Where I find [cows] them at they are in places that the normal elk hunter is unwilling to pack one without horses. I've seen tracks left by deer hunters in Oct, but nothung but my own during archery.


----------



## colorcountrygunner (Oct 6, 2009)

It sounds like you are in it for the meat, and since that is the case I think there is a lot more opportunity for you in the way of spikes than there is for any bull.


----------



## JuniorPre 360 (Feb 22, 2012)

colorcountrygunner said:


> It sounds like you are in it for the meat, and since that is the case I think there is a lot more opportunity for you in the way of spikes than there is for any bull.

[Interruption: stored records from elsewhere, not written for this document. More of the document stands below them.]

lemma powr_log_decay_le:
  fixes A K N c s t :: real
  assumes "1 < A" "A \<le> K / t powr N" "0 < K" "0 \<le> N" "0 \<le> c" "0 < s" "s \<le> t" "t \<le> 1"
  shows "A powr (c / ln (exp 1 + 1 / s)) \<le> exp (c * (\<bar>ln K\<bar> + N))"
proof -
  define L where "L = ln (exp 1 + 1 / s)"
  have L: "1 \<le> L" using assms by (simp add: L_def ln_exp1_plus_ge_1)
  have "- ln t = ln (1 / t)" using assms by (simp add: ln_div)
  also have "\<dots> \<le> L"
    unfolding L_def using assms by (intro ln_mono) (auto simp: frac_le intro: add_increasing)
  finally have t: "- ln t \<le> L" .
  have "ln A \<le> ln (K / t powr N)" using assms by (intro ln_mono) auto
  also have "\<dots> = ln K + N * (- ln t)" using assms by (simp add: ln_div ln_powr)
  also have "\<dots> \<le> \<bar>ln K\<bar> + N * L" using t assms(4) by (intro add_mono mult_left_mono) auto
  finally have "c / L * ln A \<le> c / L * (\<bar>ln K\<bar> + N * L)"
    using assms(5) L by (intro mult_left_mono) auto
  also have "\<dots> = c * (\<bar>ln K\<bar> / L) + c * N" using L by (simp add: field_simps)
  also have "\<dots> \<le> c * (\<bar>ln K\<bar> + N)"
  proof -
    have "\<bar>ln K\<bar> / L \<le> \<bar>ln K\<bar>" using L by (simp add: divide_le_eq mult_le_cancel_left1)
    then have "c * (\<bar>ln K\<bar> / L) \<le> c * \<bar>ln K\<bar>" using assms(5) by (rule mult_left_mono)
    then show ?thesis by (simp add: distrib_left)
  qed
  finally show ?thesis using assms(1) by (simp add: powr_def L_def mult.commute)
qed

lemma ennreal_powr_le_split:
  fixes A r q \<Delta> E :: real and X :: ennreal
  assumes "0 \<le> A" "0 \<le> r" "r \<le> q + \<Delta>" "1 \<le> E"
    and "1 < A \<Longrightarrow> A powr \<Delta> \<le> E" and "ennreal (A powr q) \<le> X + 1"
  shows "ennreal (A powr r) \<le> ennreal E * (X + 1)"
proof (cases "A \<le> 1")
  case True
  then have "ennreal (A powr r) \<le> 1" using assms(1,2) by (simp add: powr_le1)
  also have "1 \<le> ennreal E * (X + 1)" using mult_mono[of 1 "ennreal E" 1 "X + 1"] assms(4) by simp
  finally show ?thesis .
next
  case False
  then have "A powr r \<le> A powr q * A powr \<Delta>" using assms(3) by (simp add: powr_mono flip: powr_add)
  also have "\<dots> \<le> A powr q * E" using assms(5) False by (intro mult_left_mono) auto
  finally have "ennreal (A powr r) \<le> ennreal (A powr q) * ennreal E"
    using assms(4) by (simp add: ennreal_leI flip: ennreal_mult)
  also have "\<dots> \<le> (X + 1) * ennreal E" using assms(6) by (rule mult_right_mono) simp
  finally show ?thesis by (simp add: mult.commute)
qed

lemma AE_positive_measure_witness:
  assumes "AE x in M. P x" and "0 < emeasure M A"
  obtains x where "x \<in> A" "P x"
proof (rule ccontr)
  assume "\<not> thesis"
  with that have "AE x in M. \<not> x \<in> A" using assms(1) by (auto elim: AE_mp)
  then have "emeasure M {x \<in> space M. x \<in> A} = 0" by (rule emeasure_eq_0_AE)
  moreover have "A \<in> sets M" using assms(2) emeasure_notin_sets by force
  ultimately show False using assms(2) sets.sets_into_space by (simp add: Int_absorb1 Int_def[symmetric])
qed

lemma emeasure_annulus_le:
  assumes "0 \<le> r" "r \<le> 1"
  shows "emeasure lborel (ball (0::'a::euclidean_space) 1 - ball 0 r)
           \<le> ennreal (unit_ball_vol DIM('a) * DIM('a) * (1 - r))"
proof -
  have "emeasure lborel (ball (0::'a) 1 - ball 0 r)
        = emeasure lborel (ball (0::'a) 1) - emeasure lborel (ball (0::'a) r)"
    using assms by (intro emeasure_Diff) (auto simp: emeasure_ball)
  also have "\<dots> = ennreal (unit_ball_vol DIM('a) * (1 - r ^ DIM('a)))"
    using assms by (simp add: emeasure_ball ennreal_minus[symmetric] algebra_simps)
  also have "\<dots> \<le> ennreal (unit_ball_vol DIM('a) * DIM('a) * (1 - r))"
  proof (intro ennreal_leI)
    have "1 - r ^ DIM('a) \<le> DIM('a) * (1 - r)"
      using Bernoulli_inequality[of "r - 1" "DIM('a)"] assms by (simp add: algebra_simps)
    then show "unit_ball_vol DIM('a) * (1 - r ^ DIM('a)) \<le> unit_ball_vol DIM('a) * DIM('a) * (1 - r)"
      by (simp add: mult.assoc mult_left_mono)
  qed
  finally show ?thesis .
qed

lemma dyadic_index_exists:
  fixes r :: real
  assumes "0 \<le> r" "r < 1"
  obtains j where "1 - (1/2) ^ j \<le> r" "r < 1 - (1/2) ^ Suc j"
proof -
  obtain i where "(1/2::real) ^ i < 1 - r"
    using real_arch_pow_inv[of "1 - r" "1/2"] assms by auto
  then have ex: "\<exists>i. r < 1 - (1/2::real) ^ i" by (intro exI[of _ i]) linarith
  define i where "i = (LEAST i. r < 1 - (1/2::real) ^ i)"
  have i: "r < 1 - (1/2) ^ i" unfolding i_def by (rule LeastI_ex[OF ex])
  then obtain j where j: "i = Suc j" using assms(1) by (cases i) auto
  then have "\<not> r < 1 - (1/2) ^ j"
    using not_less_Least[of j "\<lambda>i. r < 1 - (1/2) ^ i"] unfolding i_def by auto
  then show ?thesis using i j by (intro that[of j]) (auto simp: not_less)
qed

definition dyadic_shell :: "nat \<Rightarrow> 'a::euclidean_space set" where
  "dyadic_shell j = ball 0 (1 - (1/2) ^ Suc j) - ball 0 (1 - (1/2) ^ j)"

lemma dyadic_shell_sets [measurable]: "dyadic_shell j \<in> sets borel"
  unfolding dyadic_shell_def by simp

lemma nn_integral_dyadic_shell_le:
  fixes a :: real
  defines "b \<equiv> max (1 - a) 0"
  shows "(\<integral>\<^sup>+ x \<in> (dyadic_shell j :: 'a::euclidean_space set). ennreal ((1 - (norm x)\<^sup>2) powr (a - 1)) \<partial>lborel)
           \<le> ennreal (2 powr b * unit_ball_vol DIM('a) * DIM('a) * (2 powr (b - 1)) ^ j)"
    (is "?I \<le> _")
proof -
  define V where "V = unit_ball_vol DIM('a) * DIM('a)"
  have "?I \<le> (\<integral>\<^sup>+ x. ennreal ((2 ^ Suc j) powr b) * indicator (dyadic_shell j :: 'a set) x \<partial>lborel)"
  proof (intro nn_integral_mono)
    fix x :: 'a
    show "ennreal ((1 - (norm x)\<^sup>2) powr (a - 1)) * indicator (dyadic_shell j) x
          \<le> ennreal ((2 ^ Suc j) powr b) * indicator (dyadic_shell j) x"
    proof (cases "x \<in> dyadic_shell j")
      case True
      then have x: "norm x < 1 - (1/2) ^ Suc j" unfolding dyadic_shell_def by simp
      have "norm x < 1" using x zero_less_power[of "1/2::real" "Suc j"] by linarith
      then have "(norm x)\<^sup>2 \<le> norm x" by (simp add: power2_eq_square mult_left_le_one_le)
      then have "(1/2::real) ^ Suc j \<le> 1 - (norm x)\<^sup>2" using x by linarith
      then have "(1 - (norm x)\<^sup>2) powr (a - 1) \<le> (1 / (1/2) ^ Suc j) powr b"
        unfolding b_def by (intro unit_interval_powr_le) auto
      then show ?thesis using True by (simp add: power_one_over ennreal_leI)
    qed simp
  qed
  also have "\<dots> = ennreal ((2 ^ Suc j) powr b) * emeasure lborel (dyadic_shell j :: 'a set)"
    by (simp add: nn_integral_cmult_indicator)
  also have "\<dots> \<le> ennreal ((2 ^ Suc j) powr b) * ennreal (V * (1/2) ^ j)"
  proof (intro mult_left_mono)
    have "emeasure lborel (dyadic_shell j :: 'a set) \<le> emeasure lborel (ball (0::'a) 1 - ball 0 (1 - (1/2) ^ j))"
      unfolding dyadic_shell_def by (intro emeasure_mono) auto
    also have "\<dots> \<le> ennreal (V * (1/2) ^ j)"
      using emeasure_annulus_le[of "1 - (1/2) ^ j"] by (simp add: V_def power_le_one)
    finally show "emeasure lborel (dyadic_shell j :: 'a set) \<le> ennreal (V * (1/2) ^ j)" .
  qed simp
  also have "\<dots> = ennreal (2 powr b * V * (2 powr (b - 1)) ^ j)"
  proof -
    have "((2::real) ^ Suc j) powr b = 2 powr b * (2 powr b) ^ j"
      by (simp add: powr_realpow[symmetric] powr_mult powr_powr powr_power mult.commute)
    then have "(2 ^ Suc j) powr b * (V * (1/2) ^ j) = 2 powr b * V * ((2 powr b) ^ j * (1/2) ^ j)"
      by (simp add: ac_simps)
    also have "\<dots> = 2 powr b * V * (2 powr (b - 1)) ^ j"
      by (simp add: power_mult_distrib[symmetric] powr_diff)
    finally show ?thesis by (simp add: V_def flip: ennreal_mult)
  qed
  finally show ?thesis unfolding V_def by (simp only: mult.assoc)
qed

lemma nn_integral_unit_ball_powr_finite:
  fixes a :: real
  assumes "0 < a"
  shows "(\<integral>\<^sup>+ x \<in> ball (0::'a::euclidean_space) 1. ennreal ((1 - (norm x)\<^sup>2) powr (a - 1)) \<partial>lborel) < \<infinity>"
proof -
  define b where "b = max (1 - a) 0"
  define K where "K j = 2 powr b * unit_ball_vol DIM('a) * DIM('a) * (2 powr (b - 1)) ^ j" for j
  define f where "f x = ennreal ((1 - (norm x)\<^sup>2) powr (a - 1))" for x :: 'a
  have "(\<integral>\<^sup>+ x \<in> ball 0 1. f x \<partial>lborel) \<le> (\<integral>\<^sup>+ x. (\<Sum>j. f x * indicator (dyadic_shell j) x) \<partial>lborel)"
  proof (intro nn_integral_mono)
    fix x :: 'a
    show "f x * indicator (ball 0 1) x \<le> (\<Sum>j. f x * indicator (dyadic_shell j) x)"
    proof (cases "norm x < 1")
      case True
      then obtain j where "1 - (1/2) ^ j \<le> norm x" "norm x < 1 - (1/2) ^ Suc j"
        by (rule dyadic_index_exists[OF norm_ge_zero])
      then have "x \<in> dyadic_shell j" by (simp add: dyadic_shell_def)
      then have "f x * indicator (ball 0 1) x = f x * indicator (dyadic_shell j) x"
        using True by simp
      then show ?thesis by (metis ennreal_suminf_lessD not_le order_less_irrefl)
    qed simp
  qed
  also have "\<dots> = (\<Sum>j. \<integral>\<^sup>+ x \<in> dyadic_shell j. f x \<partial>lborel)"
    unfolding f_def by (rule nn_integral_suminf) measurable
  also have "\<dots> \<le> (\<Sum>j. ennreal (K j))"
    unfolding f_def K_def b_def by (intro suminf_le nn_integral_dyadic_shell_le) auto
  also have "\<dots> < \<infinity>"
  proof -
    have "b - 1 < 0" using assms by (simp add: b_def)
    then have "2 powr (b - 1) < 1" by (simp add: powr_less_one)
    then have "summable K" unfolding K_def by (intro summable_mult summable_geometric) simp
    moreover have "0 \<le> K j" for j by (simp add: K_def)
    ultimately show ?thesis by (simp add: less_top ennreal_suminf_neq_top)
  qed
  finally show ?thesis unfolding f_def .
qed

lemma set_nn_integral_powr_jensen:
  fixes M :: "'a measure" and g :: "'a \<Rightarrow> real"
  assumes S: "S \<in> sets M" "emeasure M S = ennreal m" "0 < m"
    and g: "g \<in> borel_measurable M" "\<And>y. 0 \<le> g y"
    and I: "(\<integral>\<^sup>+ y \<in> S. ennreal (g y) \<partial>M) = ennreal I" "0 \<le> I"
    and q: "1 \<le> q"
  shows "ennreal ((I / m) powr q * m) \<le> (\<integral>\<^sup>+ y \<in> S. ennreal (g y powr q) \<partial>M)"
proof (cases "I = 0")
  case False
  define A where "A = I / m"
  define c where "c = (q - 1) * A powr q"
  have A: "0 < A" using False I(2) S(3) by (simp add: A_def)
  have c: "0 \<le> c" using q by (simp add: c_def)
  \<comment> \<open>integrate the tangent line of \<open>x powr q\<close> at the mean value A\<close>
  have "ennreal (q * A powr (q - 1)) * ennreal I
        = (\<integral>\<^sup>+ y \<in> S. ennreal (q * A powr (q - 1)) * ennreal (g y) \<partial>M)"
    unfolding I(1)[symmetric] using g S
    by (subst nn_integral_cmult[symmetric]) (auto simp: mult.assoc)
  also have "\<dots> \<le> (\<integral>\<^sup>+ y \<in> S. ennreal (g y powr q) + ennreal c \<partial>M)"
    using powr_tangent_le[OF q A g(2)] q A c g(2)
    by (intro nn_integral_mono) (auto simp: c_def indicator_def ennreal_mult[symmetric] simp flip: ennreal_plus)
  also have "\<dots> = (\<integral>\<^sup>+ y \<in> S. ennreal (g y powr q) \<partial>M) + ennreal (c * m)"
    using S g c by (simp add: distrib_right nn_integral_add nn_integral_cmult_indicator ennreal_mult)
  finally have *: "ennreal (q * A powr (q - 1) * I) \<le> (\<integral>\<^sup>+ y \<in> S. ennreal (g y powr q) \<partial>M) + ennreal (c * m)"
    using q A I(2) by (simp add: ennreal_mult)
  have pow: "A powr (q - 1) * A = A powr q" using A by (simp add: powr_mult_base mult.commute)
  have "I = A * m" using S(3) by (simp add: A_def)
  then have "q * A powr (q - 1) * I = q * (A powr (q - 1) * A) * m" by (simp add: mult.assoc)
  also have "\<dots> = A powr q * m + c * m" unfolding pow by (simp add: c_def algebra_simps)
  finally have "q * A powr (q - 1) * I = A powr q * m + c * m" .
  with * have "ennreal (c * m) + ennreal (A powr q * m) \<le> ennreal (c * m) + (\<integral>\<^sup>+ y \<in> S. ennreal (g y powr q) \<partial>M)"
    using S(3) c by (simp add: add.commute flip: ennreal_plus)
  then show ?thesis unfolding A_def by (simp add: ennreal_add_left_cancel_le)
qed simp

I thought about hunting an area for spikes and that could be my scouting for my LE elk points years down the road. But yes, I'd sure like to bag some elk meat.


----------



## Critter (Mar 20, 2010)

If you want meat get a cow tag for your future LE unit. 

While we were hunting spikes last year others shot 5 or 6 cows out of the elk that we were watching.


----------



## JuniorPre 360 (Feb 22, 2012)

Critter said:


> If you want meat get a cow tag for your future LE unit.
> 
> While we were hunting spikes last year others shot 5 or 6 cows out of the elk that we were watching.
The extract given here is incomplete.